== Segment start ==
(* Let $\phi$ be a reduced Boolean formula in the variables $x_1,\dots,x_n$ defining a set $S \subseteq \{0,1\}^n$, and let $Q \subseteq [0,1]^n$ be any convex set containing $S$. If $Q$ satisfies all inequalities of notch at most $\nu$ that are valid for $S$, then $\phi(Q)$ satisfies all inequalities of notch at most $\nu+1$ that are valid for $S$. Moreover, if $Q$ is a polytope defined by an extended formulation of size $\sigma$, then $\phi(Q)$ is a polytope that can be defined by an extended formulation of size $|\phi|\sigma$.
   Context: Boolean formulas are built from input variables $x_1,\dots,x_n$ using $\wedge$, $\vee$, $\neg$, interpreted as functions $\{0,1\}^n\to\{0,1\}$; $\phi$ defines $S=\{x\in\{0,1\}^n:\phi(x)=1\}$. A formula is reduced if negations apply only to input variables. The size $|\phi|$ is the total number of occurrences of input variables. For a reduced $\phi$ and convex $Q\subseteq[0,1]^n$, $\phi(Q)$ is defined recursively: $x_i$ is replaced by $\{x \in Q : x_i = 1\}$; $\neg x_i$ by $\{x \in Q : x_i = 0\}$; a conjunction by the intersection of the corresponding sets; a disjunction by the convex hull of the union of the corresponding sets. An inequality in standard form is $\sum_{i \in I^+} c_i x_i + \sum_{i\in I^-} c_i(1-x_i) \ge \delta$ where $I^+,I^-$ partition $[n]$, $c \in \mathbb{R}^n_{\ge 0}$, $\delta\ge 0$ (every linear inequality can be written with such $I^\pm$, $c$, and the considered ones have $\delta \ge 0$). Its notch is the smallest number $\nu$ such that $\sum_{j\in J} c_j\ge\delta$ for every $J\subseteq[n]$ with $|J|\ge \nu$. An extended formulation of size $m$ of a polytope $P\subseteq\mathbb{R}^n$ is a description $P=\{x:\exists y\in\mathbb{R}^d,\ Ay\ge b,\ x=Ty+t\}$ with $A$ having $m$ rows. *)

theory Defs
  imports "HOL-Analysis.Analysis"
begin

datatype 'n rformula =
    Var 'n
  | NegVar 'n
  | Conj "'n rformula" "'n rformula"
  | Disj "'n rformula" "'n rformula"

fun eval_rf :: "'n rformula \<Rightarrow> ('n \<Rightarrow> bool) \<Rightarrow> bool" where
  "eval_rf (Var i) a = a i"
| "eval_rf (NegVar i) a = (\<not> a i)"
| "eval_rf (Conj f g) a = (eval_rf f a \<and> eval_rf g a)"
| "eval_rf (Disj f g) a = (eval_rf f a \<or> eval_rf g a)"

fun rf_size :: "'n rformula \<Rightarrow> nat" where
  "rf_size (Var i) = 1"
| "rf_size (NegVar i) = 1"
| "rf_size (Conj f g) = rf_size f + rf_size g"
| "rf_size (Disj f g) = rf_size f + rf_size g"

definition defined_set :: "'n::finite rformula \<Rightarrow> (real^'n) set" where
  "defined_set \<phi> = {x. (\<forall>i. x$i = 0 \<or> x$i = 1) \<and> eval_rf \<phi> (\<lambda>i. x$i = 1)}"

definition unit_cube :: "(real^'n::finite) set" where
  "unit_cube = {x. \<forall>i. 0 \<le> x$i \<and> x$i \<le> 1}"

fun rf_apply :: "'n::finite rformula \<Rightarrow> (real^'n) set \<Rightarrow> (real^'n) set" where
  "rf_apply (Var i) Q = {x \<in> Q. x$i = 1}"
| "rf_apply (NegVar i) Q = {x \<in> Q. x$i = 0}"
| "rf_apply (Conj f g) Q = rf_apply f Q \<inter> rf_apply g Q"
| "rf_apply (Disj f g) Q = convex hull (rf_apply f Q \<union> rf_apply g Q)"

text \<open>An inequality in standard form is given by I+ (I- is its complement),
  a nonnegative coefficient vector c and a right-hand side delta >= 0.\<close>
definition std_form :: "real^'n::finite \<Rightarrow> real \<Rightarrow> bool" where
  "std_form c \<delta> \<longleftrightarrow> (\<forall>i. 0 \<le> c$i) \<and> 0 \<le> \<delta>"

definition std_ineq_holds :: "'n::finite set \<Rightarrow> real^'n \<Rightarrow> real \<Rightarrow> real^'n \<Rightarrow> bool" where
  "std_ineq_holds Ip c \<delta> x \<longleftrightarrow>
     (\<Sum>i\<in>Ip. c$i * x$i) + (\<Sum>i\<in>- Ip. c$i * (1 - x$i)) \<ge> \<delta>"

definition notch :: "real^'n::finite \<Rightarrow> real \<Rightarrow> nat" where
  "notch c \<delta> = (LEAST \<nu>. \<forall>J::'n set. \<nu> \<le> card J \<longrightarrow> \<delta> \<le> (\<Sum>j\<in>J. c$j))"

definition sat_valid_notch :: "(real^'n::finite) set \<Rightarrow> nat \<Rightarrow> (real^'n) set \<Rightarrow> bool" where
  "sat_valid_notch S \<nu> Q \<longleftrightarrow>
     (\<forall>Ip c \<delta>. std_form c \<delta> \<and> notch c \<delta> \<le> \<nu> \<and> (\<forall>x\<in>S. std_ineq_holds Ip c \<delta> x)
        \<longrightarrow> (\<forall>x\<in>Q. std_ineq_holds Ip c \<delta> x))"

text \<open>Extended formulation of size m: P = {x. \<exists>y\<in>R^d. Ay \<ge> b, x = Ty + t},
  A an m x d matrix (vectors y in R^d as functions on {..<d}).\<close>
definition ext_form :: "(real^'n::finite) set \<Rightarrow> nat \<Rightarrow> bool" where
  "ext_form P m \<longleftrightarrow>
     (\<exists>(d::nat) (A::nat \<Rightarrow> nat \<Rightarrow> real) (b::nat \<Rightarrow> real) (T::'n \<Rightarrow> nat \<Rightarrow> real) (t::real^'n).
        P = {x. \<exists>y::nat \<Rightarrow> real.
                  (\<forall>i<m. (\<Sum>j<d. A i j * y j) \<ge> b i) \<and>
                  (\<forall>k. x$k = (\<Sum>j<d. T k j * y j) + t$k)})"

end

theory Submission
  imports Defs
begin

text \<open>Write lit_val Ip x i for the literal value l_i(x), i.e. x_i for i \<in> I+ and 1 - x_i otherwise,
  so that a standard-form inequality reads \<Sum>c_i l_i(x) \<ge> \<delta>. If \<delta> > 0 it fails at the 0/1-point p
  where all l_i vanish, so \<phi> is false at p. Following false subformulas of \<phi> (one false conjunct,
  or both disjuncts, the valid halfspace being convex) reduces the claim to a literal false at p,
  i.e. to the face l_i = 1 of Q. There the inequality is implied by the one obtained by raising c_i
  to \<delta> and flipping l_i, which is again valid for S and has notch at most \<nu>.

  For the size bound we follow Balas and pass to homogenizations {(\<lambda>x, \<lambda>) | x \<in> P, \<lambda> \<ge> 0}: they
  turn intersections into intersections, convex hulls of unions into Minkowski sums, and fixing a
  coordinate into a linear equation. Linear images of cones given by inequalities and equations are
  closed under these operations with additive numbers of inequalities, and a formulation of a bounded
  Q with two points homogenizes to one of the homogenization of Q. Slicing at \<lambda> = 1 and eliminating
  the equations by substitution yields the extended formulation of \<phi>(Q).\<close>

section \<open>Inequalities of bounded notch\<close>

definition lit_val :: "'n::finite set \<Rightarrow> real^'n \<Rightarrow> 'n \<Rightarrow> real" where
  "lit_val Ip x i = (if i \<in> Ip then x$i else 1 - x$i)"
== Segment end ==
WHAT YOU WILL DO:
Output the whole listing word for word.

TASK SOLUTION:
(* Let $\phi$ be a reduced Boolean formula in the variables $x_1,\dots,x_n$ defining a set $S \subseteq \{0,1\}^n$, and let $Q \subseteq [0,1]^n$ be any convex set containing $S$. If $Q$ satisfies all inequalities of notch at most $\nu$ that are valid for $S$, then $\phi(Q)$ satisfies all inequalities of notch at most $\nu+1$ that are valid for $S$. Moreover, if $Q$ is a polytope defined by an extended formulation of size $\sigma$, then $\phi(Q)$ is a polytope that can be defined by an extended formulation of size $|\phi|\sigma$.
   Context: Boolean formulas are built from input variables $x_1,\dots,x_n$ using $\wedge$, $\vee$, $\neg$, interpreted as functions $\{0,1\}^n\to\{0,1\}$; $\phi$ defines $S=\{x\in\{0,1\}^n:\phi(x)=1\}$. A formula is reduced if negations apply only to input variables. The size $|\phi|$ is the total number of occurrences of input variables. For a reduced $\phi$ and convex $Q\subseteq[0,1]^n$, $\phi(Q)$ is defined recursively: $x_i$ is replaced by $\{x \in Q : x_i = 1\}$; $\neg x_i$ by $\{x \in Q : x_i = 0\}$; a conjunction by the intersection of the corresponding sets; a disjunction by the convex hull of the union of the corresponding sets. An inequality in standard form is $\sum_{i \in I^+} c_i x_i + \sum_{i\in I^-} c_i(1-x_i) \ge \delta$ where $I^+,I^-$ partition $[n]$, $c \in \mathbb{R}^n_{\ge 0}$, $\delta\ge 0$ (every linear inequality can be written with such $I^\pm$, $c$, and the considered ones have $\delta \ge 0$). Its notch is the smallest number $\nu$ such that $\sum_{j\in J} c_j\ge\delta$ for every $J\subseteq[n]$ with $|J|\ge \nu$. An extended formulation of size $m$ of a polytope $P\subseteq\mathbb{R}^n$ is a description $P=\{x:\exists y\in\mathbb{R}^d,\ Ay\ge b,\ x=Ty+t\}$ with $A$ having $m$ rows. *)

theory Defs
  imports "HOL-Analysis.Analysis"
begin

datatype 'n rformula =
    Var 'n
  | NegVar 'n
  | Conj "'n rformula" "'n rformula"
  | Disj "'n rformula" "'n rformula"

fun eval_rf :: "'n rformula \<Rightarrow> ('n \<Rightarrow> bool) \<Rightarrow> bool" where
  "eval_rf (Var i) a = a i"
| "eval_rf (NegVar i) a = (\<not> a i)"
| "eval_rf (Conj f g) a = (eval_rf f a \<and> eval_rf g a)"
| "eval_rf (Disj f g) a = (eval_rf f a \<or> eval_rf g a)"

fun rf_size :: "'n rformula \<Rightarrow> nat" where
  "rf_size (Var i) = 1"
| "rf_size (NegVar i) = 1"
| "rf_size (Conj f g) = rf_size f + rf_size g"
| "rf_size (Disj f g) = rf_size f + rf_size g"

definition defined_set :: "'n::finite rformula \<Rightarrow> (real^'n) set" where
  "defined_set \<phi> = {x. (\<forall>i. x$i = 0 \<or> x$i = 1) \<and> eval_rf \<phi> (\<lambda>i. x$i = 1)}"

definition unit_cube :: "(real^'n::finite) set" where
  "unit_cube = {x. \<forall>i. 0 \<le> x$i \<and> x$i \<le> 1}"

fun rf_apply :: "'n::finite rformula \<Rightarrow> (real^'n) set \<Rightarrow> (real^'n) set" where
  "rf_apply (Var i) Q = {x \<in> Q. x$i = 1}"
| "rf_apply (NegVar i) Q = {x \<in> Q. x$i = 0}"
| "rf_apply (Conj f g) Q = rf_apply f Q \<inter> rf_apply g Q"
| "rf_apply (Disj f g) Q = convex hull (rf_apply f Q \<union> rf_apply g Q)"

text \<open>An inequality in standard form is given by I+ (I- is its complement),
  a nonnegative coefficient vector c and a right-hand side delta >= 0.\<close>
definition std_form :: "real^'n::finite \<Rightarrow> real \<Rightarrow> bool" where
  "std_form c \<delta> \<longleftrightarrow> (\<forall>i. 0 \<le> c$i) \<and> 0 \<le> \<delta>"

definition std_ineq_holds :: "'n::finite set \<Rightarrow> real^'n \<Rightarrow> real \<Rightarrow> real^'n \<Rightarrow> bool" where
  "std_ineq_holds Ip c \<delta> x \<longleftrightarrow>
     (\<Sum>i\<in>Ip. c$i * x$i) + (\<Sum>i\<in>- Ip. c$i * (1 - x$i)) \<ge> \<delta>"

definition notch :: "real^'n::finite \<Rightarrow> real \<Rightarrow> nat" where
  "notch c \<delta> = (LEAST \<nu>. \<forall>J::'n set. \<nu> \<le> card J \<longrightarrow> \<delta> \<le> (\<Sum>j\<in>J. c$j))"

definition sat_valid_notch :: "(real^'n::finite) set \<Rightarrow> nat \<Rightarrow> (real^'n) set \<Rightarrow> bool" where
  "sat_valid_notch S \<nu> Q \<longleftrightarrow>
     (\<forall>Ip c \<delta>. std_form c \<delta> \<and> notch c \<delta> \<le> \<nu> \<and> (\<forall>x\<in>S. std_ineq_holds Ip c \<delta> x)
        \<longrightarrow> (\<forall>x\<in>Q. std_ineq_holds Ip c \<delta> x))"

text \<open>Extended formulation of size m: P = {x. \<exists>y\<in>R^d. Ay \<ge> b, x = Ty + t},
  A an m x d matrix (vectors y in R^d as functions on {..<d}).\<close>
definition ext_form :: "(real^'n::finite) set \<Rightarrow> nat \<Rightarrow> bool" where
  "ext_form P m \<longleftrightarrow>
     (\<exists>(d::nat) (A::nat \<Rightarrow> nat \<Rightarrow> real) (b::nat \<Rightarrow> real) (T::'n \<Rightarrow> nat \<Rightarrow> real) (t::real^'n).
        P = {x. \<exists>y::nat \<Rightarrow> real.
                  (\<forall>i<m. (\<Sum>j<d. A i j * y j) \<ge> b i) \<and>
                  (\<forall>k. x$k = (\<Sum>j<d. T k j * y j) + t$k)})"

end

theory Submission
  imports Defs
begin

text \<open>Write lit_val Ip x i for the literal value l_i(x), i.e. x_i for i \<in> I+ and 1 - x_i otherwise,
  so that a standard-form inequality reads \<Sum>c_i l_i(x) \<ge> \<delta>. If \<delta> > 0 it fails at the 0/1-point p
  where all l_i vanish, so \<phi> is false at p. Following false subformulas of \<phi> (one false conjunct,
  or both disjuncts, the valid halfspace being convex) reduces the claim to a literal false at p,
  i.e. to the face l_i = 1 of Q. There the inequality is implied by the one obtained by raising c_i
  to \<delta> and flipping l_i, which is again valid for S and has notch at most \<nu>.

  For the size bound we follow Balas and pass to homogenizations {(\<lambda>x, \<lambda>) | x \<in> P, \<lambda> \<ge> 0}: they
  turn intersections into intersections, convex hulls of unions into Minkowski sums, and fixing a
  coordinate into a linear equation. Linear images of cones given by inequalities and equations are
  closed under these operations with additive numbers of inequalities, and a formulation of a bounded
  Q with two points homogenizes to one of the homogenization of Q. Slicing at \<lambda> = 1 and eliminating
  the equations by substitution yields the extended formulation of \<phi>(Q).\<close>

section \<open>Inequalities of bounded notch\<close>

definition lit_val :: "'n::finite set \<Rightarrow> real^'n \<Rightarrow> 'n \<Rightarrow> real" where
  "lit_val Ip x i = (if i \<in> Ip then x$i else 1 - x$i)"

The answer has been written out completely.